How to Query ALB Access Logs with Amazon Athena for Incident Triage

The Scenario

When your ALB is throwing 502s at 2:47 AM and CloudWatch tells you nothing useful, the answers are already sitting in S3 — the challenge is getting to them fast enough to matter. This is a situation I’ve been in more than once. Production service, elevated target response times on the CloudWatch graph, no obvious root cause from the metrics side. The ALB logs Athena query path is what changed how we handle these incidents.

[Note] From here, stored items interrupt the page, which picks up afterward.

lemma pair_sums3_mult_alternating_alternants:
  fixes x y z :: "'a::comm_ring_1"
  assumes "E = F + 2*p + 1" and "F = G + 2*q + 1"
  shows "pair_sums3 x y z * ((\<Sum>k=0..p. (-1)^k * alternant (E - k) (F + k) G x y z)
      + (\<Sum>k=0..q. (-1)^k * alternant E (F - k) (G + k) x y z) - alternant E F G x y z)
    = alternant (E + 2) (F + 1) G x y z - alternant E (F + 1) (G + 2) x y z"
proof -
  define f1 where "f1 a b c = (a + c) * (b + c) * (a^(E + 1) * b^F * c^G)" for a b c :: 'a
  define f2 where "f2 a b c = (a + b) * (a + c) * (a^E * b^(F + 1) * c^G)" for a b c :: 'a
  have first: "pair_sums3 x y z * (\<Sum>k=0..p. (-1)^k * alternant (E - k) (F + k) G x y z) = antisym3 f1 x y z"
    unfolding f1_def using assms(1) by (rule pair_sums3_mult_alternating_alternants_12)
  have second: "pair_sums3 x y z * (\<Sum>k=0..q. (-1)^k * alternant E (F - k) (G + k) x y z) = antisym3 f2 x y z"
    unfolding f2_def using assms(2) by (rule pair_sums3_mult_alternating_alternants_23)
  have combined: "f1 a b c + f2 a b c - pair_sums3 a b c * (a^E * b^F * c^G)
      = a^(E + 2) * b^(F + 1) * c^G - a^E * b^(F + 1) * c^(G + 2)" for a b c :: 'a
    unfolding f1_def f2_def pair_sums3_def by (simp add: power_add power2_eq_square algebra_simps)
  have "pair_sums3 x y z * ((\<Sum>k=0..p. (-1)^k * alternant (E - k) (F + k) G x y z)
      + (\<Sum>k=0..q. (-1)^k * alternant E (F - k) (G + k) x y z) - alternant E F G x y z)
      = antisym3 f1 x y z + antisym3 f2 x y z - antisym3 (\<lambda>a b c. pair_sums3 a b c * (a^E * b^F * c^G)) x y z"
    unfolding distrib_left right_diff_distrib first second
    by (simp only: alternant_def pair_sums3_mult_antisym3)
  also have "\<dots> = antisym3 (\<lambda>a b c. a^(E + 2) * b^(F + 1) * c^G - a^E * b^(F + 1) * c^(G + 2)) x y z"
    unfolding antisym3_add[symmetric] antisym3_diff[symmetric] combined ..
  also have "\<dots> = alternant (E + 2) (F + 1) G x y z - alternant E (F + 1) (G + 2) x y z"
    unfolding alternant_def by (rule antisym3_diff)
  finally show ?thesis .
qed

lemma vandermonde3_mult_shifted_sl3_char:
  assumes "p = a + b + 2 + c" and "q = b + 1 + c"
  shows "vandermonde3 x y z * ((x * y * z)^c * sl3_char a b x y z) = alternant p q c x y z"
proof -
  have "vandermonde3 x y z * ((x * y * z)^c * sl3_char a b x y z)
      = (x * y * z)^c * (vandermonde3 x y z * sl3_char a b x y z)"
    by (simp add: mult_ac)
  then show ?thesis
    using assms by (simp add: vandermonde3_mult_sl3_char prod_power_mult_alternant)
qed

text \<open>The l-th summand of the right-hand side, each character multiplied by the power of
x y z that makes it homogeneous of degree 2 m1 + 4 m2, like the left-hand side; on the torus
x y z = 1 these factors are 1.\<close>
definition sl3_adams2_layer :: "nat \<Rightarrow> nat \<Rightarrow> nat \<Rightarrow> complex \<Rightarrow> complex \<Rightarrow> complex \<Rightarrow> complex" where
  "sl3_adams2_layer m1 m2 l x y z =
      (\<Sum>k=0..m1 - l. (-1)^k * ((x * y * z)^(2*l) * sl3_char (2*m1 - 2*k - 2*l) (2*m2 + k - 2*l) x y z))
    + (\<Sum>k=0..m2 - l. (-1)^k * ((x * y * z)^(k + 2*l) * sl3_char (2*m1 + k - 2*l) (2*m2 - 2*k - 2*l) x y z))
    - (x * y * z)^(2*l) * sl3_char (2*m1 - 2*l) (2*m2 - 2*l) x y z"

Here’s the setup that triggers this: ALB access logging is already enabled and files are landing in s3://your-bucket/alb-logs/AWSLogs/<account-id>/elasticloadbalancing/<region>/. But those files are gzip-compressed, named with timestamps, and spread across hundreds of prefixes. Trying to grep through them over SSH — even with zcat and parallel — burns 30-45 minutes you don’t have at 3 AM. The on-call engineer ends up either escalating blind or waiting for a metrics anomaly that may never come.

Athena solves this without any ETL pipeline, data movement, or Elasticsearch cluster. You point it at the S3 prefix, define the schema once, and run SQL. A query that filters a single day of logs from a service handling 1 million requests per day runs in under 90 seconds and costs fractions of a cent when partitioned correctly. We set this up once and it became the first tool every engineer reaches for during a 5xx incident.

Prerequisites

Before touching Athena, three things need to be in place. I’ve seen teams skip the first one and spend 20 minutes wondering why their table returns zero rows.

ALB access logging enabled. Navigate to EC2 → Load Balancers → select your ALB → Attributes → Access logs. Enable it and set the S3 bucket. Logs appear within approximately 5 minutes of traffic flowing through the load balancer. If you enable logging on a load balancer with no active traffic, the prefix won’t exist yet and Athena will error on the first query.

Athena workgroup with a results bucket. Create a workgroup (or use the default) and configure a query result location: s3://your-bucket/athena-results/. Enable workgroup-level encryption — SSE-S3 at minimum, SSE-KMS if you’re in a compliance-sensitive environment. Also set EnforceWorkGroupConfiguration: true. Without this flag, client-side settings can silently override your bytes-scanned cutoff, which matters when a junior engineer runs an unpartitioned query at 2 AM against 90 days of logs.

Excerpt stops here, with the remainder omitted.